Data for review:
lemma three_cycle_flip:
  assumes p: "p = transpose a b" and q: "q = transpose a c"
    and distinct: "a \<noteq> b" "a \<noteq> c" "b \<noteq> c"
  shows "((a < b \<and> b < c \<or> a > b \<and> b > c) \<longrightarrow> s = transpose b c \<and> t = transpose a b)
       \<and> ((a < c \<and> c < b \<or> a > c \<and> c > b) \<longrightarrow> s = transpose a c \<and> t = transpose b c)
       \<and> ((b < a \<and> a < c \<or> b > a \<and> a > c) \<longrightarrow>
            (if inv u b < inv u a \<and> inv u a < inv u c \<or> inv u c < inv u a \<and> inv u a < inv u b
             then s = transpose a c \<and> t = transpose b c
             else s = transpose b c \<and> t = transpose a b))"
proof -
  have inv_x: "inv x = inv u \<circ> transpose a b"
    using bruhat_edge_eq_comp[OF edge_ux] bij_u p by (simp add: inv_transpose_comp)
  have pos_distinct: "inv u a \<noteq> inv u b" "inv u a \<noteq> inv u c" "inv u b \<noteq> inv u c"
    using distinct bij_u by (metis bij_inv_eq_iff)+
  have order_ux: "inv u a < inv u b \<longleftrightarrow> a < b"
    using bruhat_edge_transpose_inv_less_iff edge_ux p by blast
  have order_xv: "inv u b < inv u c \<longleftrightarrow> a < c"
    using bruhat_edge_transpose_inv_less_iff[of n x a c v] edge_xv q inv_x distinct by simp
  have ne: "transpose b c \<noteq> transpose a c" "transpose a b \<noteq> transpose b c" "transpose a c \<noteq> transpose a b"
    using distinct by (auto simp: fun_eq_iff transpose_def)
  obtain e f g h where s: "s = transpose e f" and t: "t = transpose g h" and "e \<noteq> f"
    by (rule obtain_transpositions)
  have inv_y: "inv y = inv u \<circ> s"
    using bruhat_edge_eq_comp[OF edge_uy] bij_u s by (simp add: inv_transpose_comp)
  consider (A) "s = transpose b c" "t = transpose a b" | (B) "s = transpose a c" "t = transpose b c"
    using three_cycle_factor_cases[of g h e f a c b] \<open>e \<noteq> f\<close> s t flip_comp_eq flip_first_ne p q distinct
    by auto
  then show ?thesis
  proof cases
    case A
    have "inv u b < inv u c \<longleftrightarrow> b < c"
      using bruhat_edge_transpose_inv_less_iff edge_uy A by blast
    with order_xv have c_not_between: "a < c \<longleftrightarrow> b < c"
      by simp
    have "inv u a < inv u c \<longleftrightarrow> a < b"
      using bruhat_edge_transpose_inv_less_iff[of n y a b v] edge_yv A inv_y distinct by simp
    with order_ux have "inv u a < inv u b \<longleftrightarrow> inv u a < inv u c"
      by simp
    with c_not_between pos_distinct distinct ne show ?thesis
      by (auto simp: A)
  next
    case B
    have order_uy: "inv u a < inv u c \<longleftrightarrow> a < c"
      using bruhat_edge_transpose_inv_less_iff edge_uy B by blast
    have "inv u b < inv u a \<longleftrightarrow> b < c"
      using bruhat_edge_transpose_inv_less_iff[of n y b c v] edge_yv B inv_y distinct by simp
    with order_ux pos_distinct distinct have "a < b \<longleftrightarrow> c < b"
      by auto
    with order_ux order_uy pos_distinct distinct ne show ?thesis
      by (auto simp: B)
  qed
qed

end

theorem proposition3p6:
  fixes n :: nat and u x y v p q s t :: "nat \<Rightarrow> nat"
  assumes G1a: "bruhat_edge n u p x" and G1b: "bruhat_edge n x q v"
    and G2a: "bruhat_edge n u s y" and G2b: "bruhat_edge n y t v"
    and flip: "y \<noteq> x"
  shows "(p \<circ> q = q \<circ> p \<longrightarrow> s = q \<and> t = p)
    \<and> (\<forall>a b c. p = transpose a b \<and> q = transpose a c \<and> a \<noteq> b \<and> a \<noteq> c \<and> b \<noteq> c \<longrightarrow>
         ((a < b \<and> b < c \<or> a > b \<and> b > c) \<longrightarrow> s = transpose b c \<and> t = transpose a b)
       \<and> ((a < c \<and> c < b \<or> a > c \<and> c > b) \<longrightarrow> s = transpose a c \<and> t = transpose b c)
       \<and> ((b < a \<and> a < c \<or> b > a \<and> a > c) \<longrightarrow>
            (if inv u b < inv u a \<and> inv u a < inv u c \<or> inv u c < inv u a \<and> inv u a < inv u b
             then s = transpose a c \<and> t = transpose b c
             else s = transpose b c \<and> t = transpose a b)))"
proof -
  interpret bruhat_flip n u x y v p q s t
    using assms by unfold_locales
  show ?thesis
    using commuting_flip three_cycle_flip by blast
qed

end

Exercise brief: Repeat every line exactly, starting with the first line of the entries, and stop once the line containing "obtain e f g" has been given.

Answer section:
lemma three_cycle_flip:
  assumes p: "p = transpose a b" and q: "q = transpose a c"
    and distinct: "a \<noteq> b" "a \<noteq> c" "b \<noteq> c"
  shows "((a < b \<and> b < c \<or> a > b \<and> b > c) \<longrightarrow> s = transpose b c \<and> t = transpose a b)
       \<and> ((a < c \<and> c < b \<or> a > c \<and> c > b) \<longrightarrow> s = transpose a c \<and> t = transpose b c)
       \<and> ((b < a \<and> a < c \<or> b > a \<and> a > c) \<longrightarrow>
            (if inv u b < inv u a \<and> inv u a < inv u c \<or> inv u c < inv u a \<and> inv u a < inv u b
             then s = transpose a c \<and> t = transpose b c
             else s = transpose b c \<and> t = transpose a b))"
proof -
  have inv_x: "inv x = inv u \<circ> transpose a b"
    using bruhat_edge_eq_comp[OF edge_ux] bij_u p by (simp add: inv_transpose_comp)
  have pos_distinct: "inv u a \<noteq> inv u b" "inv u a \<noteq> inv u c" "inv u b \<noteq> inv u c"
    using distinct bij_u by (metis bij_inv_eq_iff)+
  have order_ux: "inv u a < inv u b \<longleftrightarrow> a < b"
    using bruhat_edge_transpose_inv_less_iff edge_ux p by blast
  have order_xv: "inv u b < inv u c \<longleftrightarrow> a < c"
    using bruhat_edge_transpose_inv_less_iff[of n x a c v] edge_xv q inv_x distinct by simp
  have ne: "transpose b c \<noteq> transpose a c" "transpose a b \<noteq> transpose b c" "transpose a c \<noteq> transpose a b"
    using distinct by (auto simp: fun_eq_iff transpose_def)
  obtain e f g h where s: "s = transpose e f" and t: "t = transpose g h" and "e \<noteq> f"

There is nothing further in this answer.